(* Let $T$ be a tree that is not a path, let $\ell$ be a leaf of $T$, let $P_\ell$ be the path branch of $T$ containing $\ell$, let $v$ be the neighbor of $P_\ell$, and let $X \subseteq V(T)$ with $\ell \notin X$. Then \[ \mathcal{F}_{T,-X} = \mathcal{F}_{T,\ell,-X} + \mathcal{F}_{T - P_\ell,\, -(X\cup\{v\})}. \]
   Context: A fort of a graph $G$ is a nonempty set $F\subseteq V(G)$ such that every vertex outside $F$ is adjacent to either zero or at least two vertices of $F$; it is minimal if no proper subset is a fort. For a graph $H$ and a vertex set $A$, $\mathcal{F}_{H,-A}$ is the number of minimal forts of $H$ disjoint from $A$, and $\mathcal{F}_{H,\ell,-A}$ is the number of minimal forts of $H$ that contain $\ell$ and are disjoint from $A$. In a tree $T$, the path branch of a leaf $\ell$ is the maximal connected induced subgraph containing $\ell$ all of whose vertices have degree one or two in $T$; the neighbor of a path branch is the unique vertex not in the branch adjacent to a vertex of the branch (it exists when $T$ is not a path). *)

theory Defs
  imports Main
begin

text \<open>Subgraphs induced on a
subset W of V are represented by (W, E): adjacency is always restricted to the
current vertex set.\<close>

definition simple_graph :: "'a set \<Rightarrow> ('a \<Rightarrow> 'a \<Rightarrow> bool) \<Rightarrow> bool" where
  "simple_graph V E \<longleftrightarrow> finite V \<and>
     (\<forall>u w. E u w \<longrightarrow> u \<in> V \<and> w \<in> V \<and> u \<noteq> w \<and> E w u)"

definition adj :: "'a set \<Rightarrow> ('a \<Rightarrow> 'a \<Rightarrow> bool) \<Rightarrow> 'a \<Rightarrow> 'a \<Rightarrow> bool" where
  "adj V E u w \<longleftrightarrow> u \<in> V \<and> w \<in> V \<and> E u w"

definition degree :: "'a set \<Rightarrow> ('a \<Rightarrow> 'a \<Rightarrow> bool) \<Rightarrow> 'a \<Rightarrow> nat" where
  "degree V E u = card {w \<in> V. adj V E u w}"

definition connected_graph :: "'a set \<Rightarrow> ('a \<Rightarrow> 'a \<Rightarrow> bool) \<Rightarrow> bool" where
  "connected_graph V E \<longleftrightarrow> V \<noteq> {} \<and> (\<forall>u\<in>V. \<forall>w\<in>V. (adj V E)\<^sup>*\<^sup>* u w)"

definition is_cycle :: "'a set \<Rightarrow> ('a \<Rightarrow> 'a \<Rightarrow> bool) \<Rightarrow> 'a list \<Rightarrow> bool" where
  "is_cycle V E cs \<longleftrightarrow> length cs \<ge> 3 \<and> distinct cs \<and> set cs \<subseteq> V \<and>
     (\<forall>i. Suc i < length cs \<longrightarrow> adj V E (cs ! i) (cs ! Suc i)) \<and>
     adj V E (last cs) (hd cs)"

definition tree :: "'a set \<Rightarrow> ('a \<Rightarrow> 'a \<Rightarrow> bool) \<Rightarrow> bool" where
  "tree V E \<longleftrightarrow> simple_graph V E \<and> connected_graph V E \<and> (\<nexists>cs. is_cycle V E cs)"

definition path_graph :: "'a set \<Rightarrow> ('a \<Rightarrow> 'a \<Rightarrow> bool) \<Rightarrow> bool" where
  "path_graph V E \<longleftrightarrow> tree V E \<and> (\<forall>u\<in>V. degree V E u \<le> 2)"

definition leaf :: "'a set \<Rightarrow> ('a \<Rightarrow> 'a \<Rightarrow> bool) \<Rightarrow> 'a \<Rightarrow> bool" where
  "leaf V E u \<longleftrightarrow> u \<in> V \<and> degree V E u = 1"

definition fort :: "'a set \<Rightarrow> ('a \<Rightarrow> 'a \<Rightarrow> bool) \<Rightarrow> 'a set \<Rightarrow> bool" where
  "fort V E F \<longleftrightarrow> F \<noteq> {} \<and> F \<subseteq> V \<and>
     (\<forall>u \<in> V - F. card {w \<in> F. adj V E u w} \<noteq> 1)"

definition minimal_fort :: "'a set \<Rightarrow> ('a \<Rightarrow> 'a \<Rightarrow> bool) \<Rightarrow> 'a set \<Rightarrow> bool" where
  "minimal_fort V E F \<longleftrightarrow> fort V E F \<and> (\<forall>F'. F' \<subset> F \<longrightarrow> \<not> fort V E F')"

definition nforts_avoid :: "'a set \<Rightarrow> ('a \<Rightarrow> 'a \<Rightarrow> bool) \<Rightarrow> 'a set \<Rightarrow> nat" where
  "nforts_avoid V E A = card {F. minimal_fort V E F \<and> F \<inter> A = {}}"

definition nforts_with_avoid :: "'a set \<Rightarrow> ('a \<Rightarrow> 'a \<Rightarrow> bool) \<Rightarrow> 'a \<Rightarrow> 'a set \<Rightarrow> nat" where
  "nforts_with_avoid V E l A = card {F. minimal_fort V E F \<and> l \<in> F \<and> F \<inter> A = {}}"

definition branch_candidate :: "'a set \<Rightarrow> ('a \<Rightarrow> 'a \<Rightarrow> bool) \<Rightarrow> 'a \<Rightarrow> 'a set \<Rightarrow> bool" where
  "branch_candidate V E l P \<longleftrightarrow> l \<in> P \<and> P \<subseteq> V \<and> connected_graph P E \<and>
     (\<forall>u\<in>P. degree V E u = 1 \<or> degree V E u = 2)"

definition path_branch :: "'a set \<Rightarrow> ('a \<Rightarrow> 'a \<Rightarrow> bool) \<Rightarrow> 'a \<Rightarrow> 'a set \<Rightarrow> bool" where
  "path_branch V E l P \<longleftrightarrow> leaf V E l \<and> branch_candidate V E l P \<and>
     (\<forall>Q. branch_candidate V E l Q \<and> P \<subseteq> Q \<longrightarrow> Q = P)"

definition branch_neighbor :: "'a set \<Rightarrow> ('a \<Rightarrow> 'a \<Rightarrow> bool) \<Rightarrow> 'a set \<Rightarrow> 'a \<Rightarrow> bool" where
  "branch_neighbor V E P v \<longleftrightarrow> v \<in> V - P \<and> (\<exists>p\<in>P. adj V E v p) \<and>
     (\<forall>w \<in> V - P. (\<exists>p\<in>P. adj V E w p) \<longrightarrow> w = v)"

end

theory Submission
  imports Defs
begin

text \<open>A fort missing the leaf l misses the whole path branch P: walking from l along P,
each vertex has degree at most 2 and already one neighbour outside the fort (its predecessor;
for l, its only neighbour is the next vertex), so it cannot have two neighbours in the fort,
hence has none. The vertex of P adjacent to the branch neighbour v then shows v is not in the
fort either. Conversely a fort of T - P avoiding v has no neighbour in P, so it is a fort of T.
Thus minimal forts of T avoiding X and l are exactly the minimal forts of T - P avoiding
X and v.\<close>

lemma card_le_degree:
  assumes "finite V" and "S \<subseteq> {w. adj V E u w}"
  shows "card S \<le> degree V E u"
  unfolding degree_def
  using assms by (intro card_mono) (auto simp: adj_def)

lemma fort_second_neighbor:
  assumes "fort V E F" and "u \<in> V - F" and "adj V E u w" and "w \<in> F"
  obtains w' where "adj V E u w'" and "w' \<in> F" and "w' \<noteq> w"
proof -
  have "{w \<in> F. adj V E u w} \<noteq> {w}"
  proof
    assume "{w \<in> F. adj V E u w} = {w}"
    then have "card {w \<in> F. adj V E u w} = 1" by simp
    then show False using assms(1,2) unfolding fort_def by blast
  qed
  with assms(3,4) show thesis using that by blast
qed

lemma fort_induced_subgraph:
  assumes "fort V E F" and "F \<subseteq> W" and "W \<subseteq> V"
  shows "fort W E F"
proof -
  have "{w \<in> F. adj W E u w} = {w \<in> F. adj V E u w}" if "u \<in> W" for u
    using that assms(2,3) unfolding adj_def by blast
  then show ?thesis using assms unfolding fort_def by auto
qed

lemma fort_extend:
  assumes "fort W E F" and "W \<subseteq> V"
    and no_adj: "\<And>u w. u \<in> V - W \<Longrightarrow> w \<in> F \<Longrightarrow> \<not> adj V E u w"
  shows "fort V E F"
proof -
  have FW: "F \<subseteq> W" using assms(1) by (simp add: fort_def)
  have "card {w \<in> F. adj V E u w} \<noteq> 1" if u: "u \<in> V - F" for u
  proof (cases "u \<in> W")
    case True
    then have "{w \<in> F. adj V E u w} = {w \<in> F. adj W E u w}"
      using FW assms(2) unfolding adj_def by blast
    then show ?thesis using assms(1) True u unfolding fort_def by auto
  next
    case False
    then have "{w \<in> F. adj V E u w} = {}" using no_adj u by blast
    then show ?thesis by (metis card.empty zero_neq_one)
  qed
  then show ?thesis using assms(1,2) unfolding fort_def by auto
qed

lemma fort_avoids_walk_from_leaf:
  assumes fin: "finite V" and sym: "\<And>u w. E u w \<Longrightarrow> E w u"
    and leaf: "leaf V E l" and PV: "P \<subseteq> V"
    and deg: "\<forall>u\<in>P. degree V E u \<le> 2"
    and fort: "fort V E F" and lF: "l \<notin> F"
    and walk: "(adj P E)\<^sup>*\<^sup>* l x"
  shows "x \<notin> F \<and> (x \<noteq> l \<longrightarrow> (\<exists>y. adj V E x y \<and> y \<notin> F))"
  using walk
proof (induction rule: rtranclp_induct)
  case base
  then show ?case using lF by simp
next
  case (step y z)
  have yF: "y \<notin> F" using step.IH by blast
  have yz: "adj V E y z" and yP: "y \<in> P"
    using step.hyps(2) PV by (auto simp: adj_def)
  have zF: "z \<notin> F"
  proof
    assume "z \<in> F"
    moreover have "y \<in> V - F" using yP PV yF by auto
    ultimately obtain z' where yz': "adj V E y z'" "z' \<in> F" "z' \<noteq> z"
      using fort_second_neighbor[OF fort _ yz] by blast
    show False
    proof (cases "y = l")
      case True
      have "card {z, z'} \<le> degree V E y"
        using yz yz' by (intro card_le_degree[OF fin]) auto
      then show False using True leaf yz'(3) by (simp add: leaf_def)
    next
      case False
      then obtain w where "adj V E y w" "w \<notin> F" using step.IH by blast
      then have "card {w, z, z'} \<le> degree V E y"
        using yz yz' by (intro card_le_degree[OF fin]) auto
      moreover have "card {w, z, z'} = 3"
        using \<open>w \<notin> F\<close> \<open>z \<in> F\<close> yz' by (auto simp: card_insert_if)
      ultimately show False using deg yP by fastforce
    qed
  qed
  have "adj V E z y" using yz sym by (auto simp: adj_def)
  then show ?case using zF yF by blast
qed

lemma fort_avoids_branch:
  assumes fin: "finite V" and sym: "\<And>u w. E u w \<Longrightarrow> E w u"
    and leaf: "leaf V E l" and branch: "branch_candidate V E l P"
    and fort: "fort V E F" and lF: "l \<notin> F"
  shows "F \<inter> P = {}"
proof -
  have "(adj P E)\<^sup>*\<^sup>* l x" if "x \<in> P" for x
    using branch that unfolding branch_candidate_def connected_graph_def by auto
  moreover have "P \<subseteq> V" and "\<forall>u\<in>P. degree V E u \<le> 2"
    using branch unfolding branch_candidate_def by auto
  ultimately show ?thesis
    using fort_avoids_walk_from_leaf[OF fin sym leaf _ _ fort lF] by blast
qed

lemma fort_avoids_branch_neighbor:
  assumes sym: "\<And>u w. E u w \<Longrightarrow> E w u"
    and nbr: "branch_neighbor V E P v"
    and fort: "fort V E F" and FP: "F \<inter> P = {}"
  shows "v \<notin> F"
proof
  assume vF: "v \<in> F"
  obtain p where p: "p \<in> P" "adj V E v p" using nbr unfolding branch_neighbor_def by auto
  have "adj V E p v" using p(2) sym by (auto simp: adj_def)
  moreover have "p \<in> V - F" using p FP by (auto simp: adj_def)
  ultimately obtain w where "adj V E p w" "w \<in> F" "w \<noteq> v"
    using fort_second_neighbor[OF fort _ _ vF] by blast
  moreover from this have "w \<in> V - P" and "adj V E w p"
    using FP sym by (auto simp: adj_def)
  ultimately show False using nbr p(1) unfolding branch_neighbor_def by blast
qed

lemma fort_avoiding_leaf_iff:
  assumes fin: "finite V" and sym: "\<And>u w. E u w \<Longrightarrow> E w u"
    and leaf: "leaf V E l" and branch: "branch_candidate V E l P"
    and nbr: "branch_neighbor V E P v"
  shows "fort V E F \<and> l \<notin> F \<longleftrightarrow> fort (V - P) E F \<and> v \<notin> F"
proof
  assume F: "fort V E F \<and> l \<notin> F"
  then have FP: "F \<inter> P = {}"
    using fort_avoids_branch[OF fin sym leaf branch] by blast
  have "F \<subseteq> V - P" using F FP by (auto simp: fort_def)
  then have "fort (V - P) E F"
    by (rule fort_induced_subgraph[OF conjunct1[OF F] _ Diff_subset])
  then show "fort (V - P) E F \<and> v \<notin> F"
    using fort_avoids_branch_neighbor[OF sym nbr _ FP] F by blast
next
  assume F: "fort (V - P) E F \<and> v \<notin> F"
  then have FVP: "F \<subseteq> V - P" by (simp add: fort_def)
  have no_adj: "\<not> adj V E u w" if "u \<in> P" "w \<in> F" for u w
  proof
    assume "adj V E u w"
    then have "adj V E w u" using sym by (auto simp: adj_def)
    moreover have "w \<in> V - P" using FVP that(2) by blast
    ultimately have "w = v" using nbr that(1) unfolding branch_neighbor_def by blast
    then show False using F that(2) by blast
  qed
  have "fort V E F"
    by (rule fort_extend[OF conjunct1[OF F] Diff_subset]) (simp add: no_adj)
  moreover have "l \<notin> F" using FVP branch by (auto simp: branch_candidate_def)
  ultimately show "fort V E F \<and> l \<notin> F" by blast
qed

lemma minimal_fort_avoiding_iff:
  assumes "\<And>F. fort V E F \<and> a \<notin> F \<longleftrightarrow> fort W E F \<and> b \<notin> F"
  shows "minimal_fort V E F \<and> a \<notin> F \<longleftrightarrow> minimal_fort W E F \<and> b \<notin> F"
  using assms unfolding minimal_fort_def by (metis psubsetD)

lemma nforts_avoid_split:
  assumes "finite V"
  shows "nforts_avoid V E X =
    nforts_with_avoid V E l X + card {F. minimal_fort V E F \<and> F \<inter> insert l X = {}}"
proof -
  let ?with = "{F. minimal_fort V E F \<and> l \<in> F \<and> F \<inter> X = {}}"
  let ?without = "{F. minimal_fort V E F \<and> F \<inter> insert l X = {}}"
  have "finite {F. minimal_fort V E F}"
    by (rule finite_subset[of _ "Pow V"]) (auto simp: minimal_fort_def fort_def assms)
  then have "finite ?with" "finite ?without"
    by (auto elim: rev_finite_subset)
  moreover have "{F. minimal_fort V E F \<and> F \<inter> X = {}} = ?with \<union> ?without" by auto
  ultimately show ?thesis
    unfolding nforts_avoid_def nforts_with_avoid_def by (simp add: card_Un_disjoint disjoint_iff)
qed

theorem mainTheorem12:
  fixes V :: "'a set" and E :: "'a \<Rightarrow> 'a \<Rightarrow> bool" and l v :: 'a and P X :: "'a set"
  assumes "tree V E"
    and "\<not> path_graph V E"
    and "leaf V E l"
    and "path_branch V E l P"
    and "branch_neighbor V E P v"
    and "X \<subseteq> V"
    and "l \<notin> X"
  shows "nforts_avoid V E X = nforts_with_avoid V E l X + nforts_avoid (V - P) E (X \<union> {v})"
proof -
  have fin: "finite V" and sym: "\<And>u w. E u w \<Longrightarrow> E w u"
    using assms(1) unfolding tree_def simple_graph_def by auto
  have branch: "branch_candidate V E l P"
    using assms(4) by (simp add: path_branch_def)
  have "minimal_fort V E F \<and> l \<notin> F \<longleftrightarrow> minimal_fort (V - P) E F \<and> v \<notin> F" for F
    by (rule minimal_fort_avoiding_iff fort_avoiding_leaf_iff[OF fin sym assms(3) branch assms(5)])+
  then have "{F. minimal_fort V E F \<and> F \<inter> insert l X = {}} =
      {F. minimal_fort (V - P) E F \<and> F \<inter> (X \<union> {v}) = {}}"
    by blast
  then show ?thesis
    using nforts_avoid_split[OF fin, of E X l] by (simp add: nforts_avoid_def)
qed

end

==========

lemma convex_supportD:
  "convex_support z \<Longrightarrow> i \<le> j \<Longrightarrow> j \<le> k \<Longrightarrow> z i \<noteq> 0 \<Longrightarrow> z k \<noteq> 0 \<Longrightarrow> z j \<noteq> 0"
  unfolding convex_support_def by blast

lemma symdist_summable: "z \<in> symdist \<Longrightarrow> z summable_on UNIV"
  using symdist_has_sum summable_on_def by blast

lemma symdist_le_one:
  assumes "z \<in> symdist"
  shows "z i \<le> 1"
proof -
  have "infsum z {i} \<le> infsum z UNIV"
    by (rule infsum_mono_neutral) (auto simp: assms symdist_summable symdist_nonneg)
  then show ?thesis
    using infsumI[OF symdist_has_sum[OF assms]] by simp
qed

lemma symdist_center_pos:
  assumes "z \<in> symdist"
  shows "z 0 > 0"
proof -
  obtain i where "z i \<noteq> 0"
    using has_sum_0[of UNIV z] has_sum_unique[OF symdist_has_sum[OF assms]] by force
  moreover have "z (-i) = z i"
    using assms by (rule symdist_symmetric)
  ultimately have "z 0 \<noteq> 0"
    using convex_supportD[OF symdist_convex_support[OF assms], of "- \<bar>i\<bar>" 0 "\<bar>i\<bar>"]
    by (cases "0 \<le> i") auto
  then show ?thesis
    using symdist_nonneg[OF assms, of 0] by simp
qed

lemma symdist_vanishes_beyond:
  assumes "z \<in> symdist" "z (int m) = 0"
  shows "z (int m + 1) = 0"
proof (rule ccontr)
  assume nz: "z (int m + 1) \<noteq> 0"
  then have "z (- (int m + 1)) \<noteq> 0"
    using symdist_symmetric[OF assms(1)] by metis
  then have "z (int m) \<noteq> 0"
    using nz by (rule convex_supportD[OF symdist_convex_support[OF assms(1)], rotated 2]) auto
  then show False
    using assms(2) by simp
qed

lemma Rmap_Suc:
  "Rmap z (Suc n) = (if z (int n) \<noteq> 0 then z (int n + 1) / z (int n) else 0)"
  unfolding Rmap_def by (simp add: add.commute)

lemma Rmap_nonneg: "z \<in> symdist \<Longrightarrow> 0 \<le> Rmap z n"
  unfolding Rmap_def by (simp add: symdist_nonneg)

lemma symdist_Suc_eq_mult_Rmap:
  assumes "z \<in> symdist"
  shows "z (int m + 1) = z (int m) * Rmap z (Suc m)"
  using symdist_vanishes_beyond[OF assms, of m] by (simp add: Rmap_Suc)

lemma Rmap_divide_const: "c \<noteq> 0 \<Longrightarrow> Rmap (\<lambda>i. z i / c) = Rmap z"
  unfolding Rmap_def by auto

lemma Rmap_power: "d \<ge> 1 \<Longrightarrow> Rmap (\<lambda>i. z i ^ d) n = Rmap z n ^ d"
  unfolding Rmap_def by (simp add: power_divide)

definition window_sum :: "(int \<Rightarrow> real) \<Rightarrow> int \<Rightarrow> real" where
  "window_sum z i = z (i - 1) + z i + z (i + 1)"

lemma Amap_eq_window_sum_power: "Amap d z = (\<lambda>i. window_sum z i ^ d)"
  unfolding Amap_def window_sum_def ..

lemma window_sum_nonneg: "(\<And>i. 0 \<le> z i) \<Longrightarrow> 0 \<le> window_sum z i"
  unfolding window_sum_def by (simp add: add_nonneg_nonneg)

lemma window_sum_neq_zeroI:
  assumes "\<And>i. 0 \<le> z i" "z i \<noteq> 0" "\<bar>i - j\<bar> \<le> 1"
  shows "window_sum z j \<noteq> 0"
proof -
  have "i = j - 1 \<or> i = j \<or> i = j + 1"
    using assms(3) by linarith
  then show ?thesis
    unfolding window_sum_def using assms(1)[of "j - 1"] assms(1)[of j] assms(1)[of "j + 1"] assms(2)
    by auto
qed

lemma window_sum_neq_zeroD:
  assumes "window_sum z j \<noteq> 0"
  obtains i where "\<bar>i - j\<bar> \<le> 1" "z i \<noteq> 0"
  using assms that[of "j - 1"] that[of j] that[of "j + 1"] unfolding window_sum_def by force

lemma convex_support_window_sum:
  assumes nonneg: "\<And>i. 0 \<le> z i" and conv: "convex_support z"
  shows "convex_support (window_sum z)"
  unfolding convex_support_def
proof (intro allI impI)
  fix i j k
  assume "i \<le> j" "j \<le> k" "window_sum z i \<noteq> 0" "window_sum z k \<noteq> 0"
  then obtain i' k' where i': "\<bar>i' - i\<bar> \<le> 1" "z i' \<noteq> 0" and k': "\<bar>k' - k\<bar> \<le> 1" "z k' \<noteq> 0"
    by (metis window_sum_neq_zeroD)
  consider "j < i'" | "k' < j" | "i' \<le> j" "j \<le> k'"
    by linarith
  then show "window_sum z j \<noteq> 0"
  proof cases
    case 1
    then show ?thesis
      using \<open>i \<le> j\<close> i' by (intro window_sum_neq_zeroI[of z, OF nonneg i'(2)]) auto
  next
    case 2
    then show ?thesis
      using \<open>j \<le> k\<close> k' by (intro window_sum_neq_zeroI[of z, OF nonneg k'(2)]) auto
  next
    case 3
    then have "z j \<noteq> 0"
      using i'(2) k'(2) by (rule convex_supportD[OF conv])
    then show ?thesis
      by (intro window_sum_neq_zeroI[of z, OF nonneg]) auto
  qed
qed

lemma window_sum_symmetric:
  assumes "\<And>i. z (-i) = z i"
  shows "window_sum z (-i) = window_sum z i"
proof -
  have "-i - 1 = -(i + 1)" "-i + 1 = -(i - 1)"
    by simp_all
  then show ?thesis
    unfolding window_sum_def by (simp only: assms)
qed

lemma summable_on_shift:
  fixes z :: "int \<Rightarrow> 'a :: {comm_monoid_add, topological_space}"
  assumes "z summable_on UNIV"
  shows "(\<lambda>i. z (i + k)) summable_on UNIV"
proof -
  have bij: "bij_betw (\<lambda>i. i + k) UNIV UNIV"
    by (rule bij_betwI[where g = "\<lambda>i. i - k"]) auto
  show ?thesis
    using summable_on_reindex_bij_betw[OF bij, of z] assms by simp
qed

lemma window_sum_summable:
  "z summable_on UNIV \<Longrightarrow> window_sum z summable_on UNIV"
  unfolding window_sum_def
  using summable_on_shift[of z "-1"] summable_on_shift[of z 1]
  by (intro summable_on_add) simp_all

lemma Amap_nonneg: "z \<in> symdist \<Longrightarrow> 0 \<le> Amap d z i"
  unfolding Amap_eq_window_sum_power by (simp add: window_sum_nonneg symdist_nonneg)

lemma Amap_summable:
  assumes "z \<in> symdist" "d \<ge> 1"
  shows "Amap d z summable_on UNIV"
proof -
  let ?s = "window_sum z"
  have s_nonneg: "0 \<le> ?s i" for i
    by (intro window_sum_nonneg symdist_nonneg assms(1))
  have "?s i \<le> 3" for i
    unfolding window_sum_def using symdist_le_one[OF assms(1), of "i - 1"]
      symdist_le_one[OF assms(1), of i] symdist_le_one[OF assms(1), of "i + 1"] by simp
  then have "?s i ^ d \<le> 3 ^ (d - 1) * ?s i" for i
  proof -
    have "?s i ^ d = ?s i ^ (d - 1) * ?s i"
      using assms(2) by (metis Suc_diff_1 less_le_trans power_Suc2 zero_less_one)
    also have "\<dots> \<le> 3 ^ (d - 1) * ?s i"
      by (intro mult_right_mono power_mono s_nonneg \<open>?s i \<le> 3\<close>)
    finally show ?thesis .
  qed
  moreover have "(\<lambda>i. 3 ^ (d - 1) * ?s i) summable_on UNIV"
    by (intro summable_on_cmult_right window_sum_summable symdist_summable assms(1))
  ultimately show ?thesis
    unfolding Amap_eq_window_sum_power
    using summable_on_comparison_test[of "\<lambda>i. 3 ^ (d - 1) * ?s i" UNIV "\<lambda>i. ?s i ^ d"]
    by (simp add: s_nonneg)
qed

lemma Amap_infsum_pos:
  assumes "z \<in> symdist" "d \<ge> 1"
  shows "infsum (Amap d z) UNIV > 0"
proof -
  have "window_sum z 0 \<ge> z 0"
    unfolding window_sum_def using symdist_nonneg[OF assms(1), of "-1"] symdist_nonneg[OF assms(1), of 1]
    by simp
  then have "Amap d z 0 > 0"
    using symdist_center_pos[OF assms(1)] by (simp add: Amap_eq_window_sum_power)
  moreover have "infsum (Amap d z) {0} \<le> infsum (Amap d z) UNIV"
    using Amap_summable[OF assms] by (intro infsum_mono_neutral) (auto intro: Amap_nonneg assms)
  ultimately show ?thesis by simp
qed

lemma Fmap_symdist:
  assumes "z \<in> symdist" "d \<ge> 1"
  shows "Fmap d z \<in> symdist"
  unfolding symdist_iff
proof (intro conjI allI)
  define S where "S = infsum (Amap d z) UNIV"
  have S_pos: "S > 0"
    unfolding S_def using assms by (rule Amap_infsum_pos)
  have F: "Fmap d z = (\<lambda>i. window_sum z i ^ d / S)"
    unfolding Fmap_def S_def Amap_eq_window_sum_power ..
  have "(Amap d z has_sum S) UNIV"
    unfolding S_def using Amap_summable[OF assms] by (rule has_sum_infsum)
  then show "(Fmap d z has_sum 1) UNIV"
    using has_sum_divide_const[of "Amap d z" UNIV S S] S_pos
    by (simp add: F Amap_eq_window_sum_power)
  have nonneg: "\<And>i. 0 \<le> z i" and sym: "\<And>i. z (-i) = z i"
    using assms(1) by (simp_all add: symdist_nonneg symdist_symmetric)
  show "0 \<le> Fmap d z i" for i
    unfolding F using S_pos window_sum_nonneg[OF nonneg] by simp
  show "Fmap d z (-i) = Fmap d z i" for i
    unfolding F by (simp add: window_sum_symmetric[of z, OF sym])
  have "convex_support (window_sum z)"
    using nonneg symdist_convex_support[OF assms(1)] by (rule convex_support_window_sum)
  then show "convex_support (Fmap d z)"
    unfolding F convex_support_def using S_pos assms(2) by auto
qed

==========

Task details = Scan the records above for the lines holding "(* Let $T$ be" and "bool) \<Rightarrow> 'a \<Rightarrow> 'a \<Rightarrow>". Transcribe those two and every line between them word for word, and no others.

Response to this exercise =
(* Let $T$ be a tree that is not a path, let $\ell$ be a leaf of $T$, let $P_\ell$ be the path branch of $T$ containing $\ell$, let $v$ be the neighbor of $P_\ell$, and let $X \subseteq V(T)$ with $\ell \notin X$. Then \[ \mathcal{F}_{T,-X} = \mathcal{F}_{T,\ell,-X} + \mathcal{F}_{T - P_\ell,\, -(X\cup\{v\})}. \]
   Context: A fort of a graph $G$ is a nonempty set $F\subseteq V(G)$ such that every vertex outside $F$ is adjacent to either zero or at least two vertices of $F$; it is minimal if no proper subset is a fort. For a graph $H$ and a vertex set $A$, $\mathcal{F}_{H,-A}$ is the number of minimal forts of $H$ disjoint from $A$, and $\mathcal{F}_{H,\ell,-A}$ is the number of minimal forts of $H$ that contain $\ell$ and are disjoint from $A$. In a tree $T$, the path branch of a leaf $\ell$ is the maximal connected induced subgraph containing $\ell$ all of whose vertices have degree one or two in $T$; the neighbor of a path branch is the unique vertex not in the branch adjacent to a vertex of the branch (it exists when $T$ is not a path). *)

theory Defs
  imports Main
begin

text \<open>Subgraphs induced on a
subset W of V are represented by (W, E): adjacency is always restricted to the
current vertex set.\<close>

definition simple_graph :: "'a set \<Rightarrow> ('a \<Rightarrow> 'a \<Rightarrow> bool) \<Rightarrow> bool" where
  "simple_graph V E \<longleftrightarrow> finite V \<and>
     (\<forall>u w. E u w \<longrightarrow> u \<in> V \<and> w \<in> V \<and> u \<noteq> w \<and> E w u)"

definition adj :: "'a set \<Rightarrow> ('a \<Rightarrow> 'a \<Rightarrow> bool) \<Rightarrow> 'a \<Rightarrow> 'a \<Rightarrow> bool" where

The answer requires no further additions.